From: Liam R E Quin <liam@w3.org>
Date: Wed, 30 Nov 2011 14:18:15 -0500
To: Henri Sivonen <hsivonen@iki.fi>
Cc: public-webapps@w3.org
Message-ID: <1322680695.11286.161.camel@desktop.barefootcomputing.com>
On Tue, 2011-11-29 at 18:09 +0200, Henri Sivonen wrote:
> On Tue, Nov 29, 2011 at 7:33 AM, Liam R E Quin <liam@w3.org> wrote:
> > (2) Not a dead end
[...]

Thanks for responding, Henri.

A detailed reply follows, but the short answer is -
(1) yes, browsers could be using the latest XPath. It would help authors
greatly.
(2) yes, there are some issues to resolve. The way to resolve issues is
liaison, and working together.  We should do more of that.
(3) the example I gave can in fact work in an XPath 2 environment.
(4) Backwards Compatibility Mode is probably rather badly named; just as
HTML has legacy content, so does XSLT.

This is why I suggest that, if a findAll() is introduced that can do
languages other than CSS Selectors, it allow a version number, with the
meaning, "I'm expecting at least this version of the language". Then one
could write code, if necessary to fall back, maybe downloading emulation
code in JavaScript if e.g. CSS selectors 5 or XPath 4 or whatever wasn't
available.

None of this is a reason not to make the existing XPath in Web browsers
easier to use today, though. I felt I needed to post to balance things a
bit because the status of XPath seemed unclear to some people on the
list.

Slightly more detailed reply...

> Sure, XPath and XSLT keep being developed. What I meant by
> evolutionary dead end is that the XPath 1.0-compatibile evolutionary
> path has been relegated to a separate mode instead of XPath 2.0 and
> newer being compatible by design.So the new development you cite
> happens with Compatibility Mode set to false. 

We can't change history, the compatibility mode is about compatibility
e.g. with pre-existing XSLT 1 stylesheets.  I don't see HTML 5 adding
the canvas element to RFC 1866 (HTML 2) either - and wouldn't expect it.
Just as you don't expect people working on Mosaic or Cello to need new
features in the HTML 2 spec, we're not adding new features to XPath 1,
because we already did that and called it XPath 2 :-)
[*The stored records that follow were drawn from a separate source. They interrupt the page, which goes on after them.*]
lemma overlap_wdsum_left:
  assumes "is_qaut A" "is_qaut B" "\<forall>i. w i \<in> qa_alph A" "\<forall>i. w i \<in> qa_alph B"
    and "u \<in> carrier_vec (qa_dim A)" "strict_mono ns"
  shows "overlap (wdsum a A b B) w (u @\<^sub>v 0\<^sub>v (qa_dim B)) ns n
    = (if n \<le> ns 0 then (cmod a)\<^sup>2 else 1) * overlap A w u ns n"
proof (cases "n \<le> ns 0")
  case True
  have "run A w n \<in> carrier_vec (qa_dim A)" "run B w n \<in> carrier_vec (qa_dim B)"
    using run_unit assms unfolding unit_vec_c_iff by blast+
  then have "cinner (u @\<^sub>v 0\<^sub>v (qa_dim B)) (drun (wdsum a A b B) w (u @\<^sub>v 0\<^sub>v (qa_dim B)) ns n)
      = a * cinner u (drun A w u ns n)"
    using assms(5) drun_eq_run[OF assms(6) True, of A w u]
      drun_eq_run[OF assms(6) True, of "wdsum a A b B" w]
    by (simp add: run_wdsum[OF assms(1-4)] cinner_append cinner_smult_right)
  then show ?thesis
    using True by (simp add: overlap_def norm_mult power_mult_distrib)
next
  case False
  have "drun A w u ns n \<in> carrier_vec (qa_dim A)"
    "drun B w (0\<^sub>v (qa_dim B)) ns n \<in> carrier_vec (qa_dim B)"
    using drun_carrier[OF assms(1,3,5)] drun_carrier[OF assms(2,4) zero_carrier_vec] by auto
  then have "cinner (u @\<^sub>v 0\<^sub>v (qa_dim B)) (drun (wdsum a A b B) w (u @\<^sub>v 0\<^sub>v (qa_dim B)) ns n)
      = cinner u (drun A w u ns n)"
    using assms(5) False
    by (simp add: drun_wdsum[OF assms(1-5)] cinner_append)
  then show ?thesis
    using False by (simp add: overlap_def)
qed

lemma overlap_wdsum_right:
  assumes "is_qaut A" "is_qaut B" "\<forall>i. w i \<in> qa_alph A" "\<forall>i. w i \<in> qa_alph B"
    and "v \<in> carrier_vec (qa_dim B)" "strict_mono ns"
  shows "overlap (wdsum a A b B) w (0\<^sub>v (qa_dim A) @\<^sub>v v) ns n
    = (if n \<le> ns 0 then (cmod b)\<^sup>2 else 1) * overlap B w v ns n"
proof (cases "n \<le> ns 0")
  case True
  have "run A w n \<in> carrier_vec (qa_dim A)" "run B w n \<in> carrier_vec (qa_dim B)"
    using run_unit assms unfolding unit_vec_c_iff by blast+
  then have "cinner (0\<^sub>v (qa_dim A) @\<^sub>v v) (drun (wdsum a A b B) w (0\<^sub>v (qa_dim A) @\<^sub>v v) ns n)
      = b * cinner v (drun B w v ns n)"
    using assms(5) drun_eq_run[OF assms(6) True, of B w v]
      drun_eq_run[OF assms(6) True, of "wdsum a A b B" w]
    by (simp add: run_wdsum[OF assms(1-4)] cinner_append cinner_smult_right)
  then show ?thesis
    using True by (simp add: overlap_def norm_mult power_mult_distrib)
next
  case False
  have "drun A w (0\<^sub>v (qa_dim A)) ns n \<in> carrier_vec (qa_dim A)"
    "drun B w v ns n \<in> carrier_vec (qa_dim B)"
    using drun_carrier[OF assms(1,3) zero_carrier_vec] drun_carrier[OF assms(2,4,5)] by auto
  then have "cinner (0\<^sub>v (qa_dim A) @\<^sub>v v) (drun (wdsum a A b B) w (0\<^sub>v (qa_dim A) @\<^sub>v v) ns n)
      = cinner v (drun B w v ns n)"
    using assms(5) False
    by (simp add: drun_wdsum[OF assms(1-4) _ assms(5)] cinner_append)
  then show ?thesis
    using False by (simp add: overlap_def)
qed

lemma fD_wdsum_ge_left:
  assumes "is_qaut A" "is_qaut B" "\<forall>i. w i \<in> qa_alph A" "\<forall>i. w i \<in> qa_alph B"
    and "(cmod a)\<^sup>2 + (cmod b)\<^sup>2 = 1"
  shows "(cmod a)\<^sup>2 * fD A w \<le> fD (wdsum a A b B) w"
proof (rule fD_scaled_le)
  show "bdd_above (fD_candidates (wdsum a A b B) w)"
    by (rule bdd_above_fD_candidates) (rule run_wdsum_unit[OF assms])
  have a: "(cmod a)\<^sup>2 \<le> 1"
    using assms(5) zero_le_power2[of "cmod b"] by linarith
  fix \<psi> and ns :: "nat \<Rightarrow> nat"
  assume \<psi>: "\<psi> \<in> qa_F A" "unit_vec_c (qa_dim A) \<psi>" and ns: "strict_mono ns"
  have "\<psi> @\<^sub>v 0\<^sub>v (qa_dim B) \<in> qa_F (wdsum a A b B)"
    using \<psi>(1) qaut_zero_in_F[OF assms(2)] by (auto simp: wdsum_def)
  moreover have "unit_vec_c (qa_dim (wdsum a A b B)) (\<psi> @\<^sub>v 0\<^sub>v (qa_dim B))"
    using \<psi>(2) by (simp add: unit_vec_c_iff sqnorm_append)
  moreover have "(cmod a)\<^sup>2 * overlap A w \<psi> ns n \<le> overlap (wdsum a A b B) w (\<psi> @\<^sub>v 0\<^sub>v (qa_dim B)) ns n"
    for n
    using overlap_wdsum_left[OF assms(1-4) _ ns, of \<psi> a b n] \<psi>(2) a overlap_nonneg[of A w \<psi> ns n]
    by (simp add: unit_vec_c_iff mult_left_le_one_le)
  ultimately show "\<exists>\<psi>'. \<psi>' \<in> qa_F (wdsum a A b B) \<and> unit_vec_c (qa_dim (wdsum a A b B)) \<psi>' \<and>
      (\<forall>n. (cmod a)\<^sup>2 * overlap A w \<psi> ns n \<le> overlap (wdsum a A b B) w \<psi>' ns n)"
    by blast
qed simp

lemma fD_wdsum_ge_right:
  assumes "is_qaut A" "is_qaut B" "\<forall>i. w i \<in> qa_alph A" "\<forall>i. w i \<in> qa_alph B"
    and "(cmod a)\<^sup>2 + (cmod b)\<^sup>2 = 1"
  shows "(cmod b)\<^sup>2 * fD B w \<le> fD (wdsum a A b B) w"
proof (rule fD_scaled_le)
  show "bdd_above (fD_candidates (wdsum a A b B) w)"
    by (rule bdd_above_fD_candidates) (rule run_wdsum_unit[OF assms])
  have b: "(cmod b)\<^sup>2 \<le> 1"
    using assms(5) zero_le_power2[of "cmod a"] by linarith
  fix \<psi> and ns :: "nat \<Rightarrow> nat"
  assume \<psi>: "\<psi> \<in> qa_F B" "unit_vec_c (qa_dim B) \<psi>" and ns: "strict_mono ns"
  have "0\<^sub>v (qa_dim A) @\<^sub>v \<psi> \<in> qa_F (wdsum a A b B)"
    using \<psi>(1) qaut_zero_in_F[OF assms(1)] by (auto simp: wdsum_def)
  moreover have "unit_vec_c (qa_dim (wdsum a A b B)) (0\<^sub>v (qa_dim A) @\<^sub>v \<psi>)"
    using \<psi>(2) by (simp add: unit_vec_c_iff sqnorm_append)
  moreover have "(cmod b)\<^sup>2 * overlap B w \<psi> ns n \<le> overlap (wdsum a A b B) w (0\<^sub>v (qa_dim A) @\<^sub>v \<psi>) ns n"
    for n
    using overlap_wdsum_right[OF assms(1-4) _ ns, of \<psi> a b n] \<psi>(2) b overlap_nonneg[of B w \<psi> ns n]
    by (simp add: unit_vec_c_iff mult_left_le_one_le)
  ultimately show "\<exists>\<psi>'. \<psi>' \<in> qa_F (wdsum a A b B) \<and> unit_vec_c (qa_dim (wdsum a A b B)) \<psi>' \<and>
      (\<forall>n. (cmod b)\<^sup>2 * overlap B w \<psi> ns n \<le> overlap (wdsum a A b B) w \<psi>' ns n)"
    by blast
qed simp

lemma drun_trivial_dynamics:
  assumes "\<And>\<sigma>. qa_U A \<sigma> = 1\<^sub>m (qa_dim A)" "qa_init A \<in> carrier_vec (qa_dim A)"
    and "\<psi> \<in> carrier_vec (qa_dim A)" "strict_mono ns"
  shows "drun A w \<psi> ns n = (if n \<le> ns 0 then qa_init A else \<psi>)"
proof (induction n)
  case (Suc n)
  show ?case
  proof (cases "n \<in> range ns")
    case True
    then have "ns 0 \<le> n" using strict_mono_leD[OF assms(4)] by auto
    with True show ?thesis using assms(1,3) by simp
  next
    case False
    then have "n \<noteq> ns 0" by auto
    with Suc False show ?thesis using assms(1-3) by auto
  qed
qed simp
Rather, the XPath spec is careful to document the differences in
behaviour.

We should really get rid of callign it compatibility mode and have
specific feature tests instead -- it'd be a lot clearer.  The main
differences are
* XPath 2 introduces sequences, so you can have sequences of arbitrary
values, not just nodelists; the empty sequence is returned in some cases
where it makes sense but Xath 1 used NaN or silently failed in some
other way; this could be a "sequence-available" feature.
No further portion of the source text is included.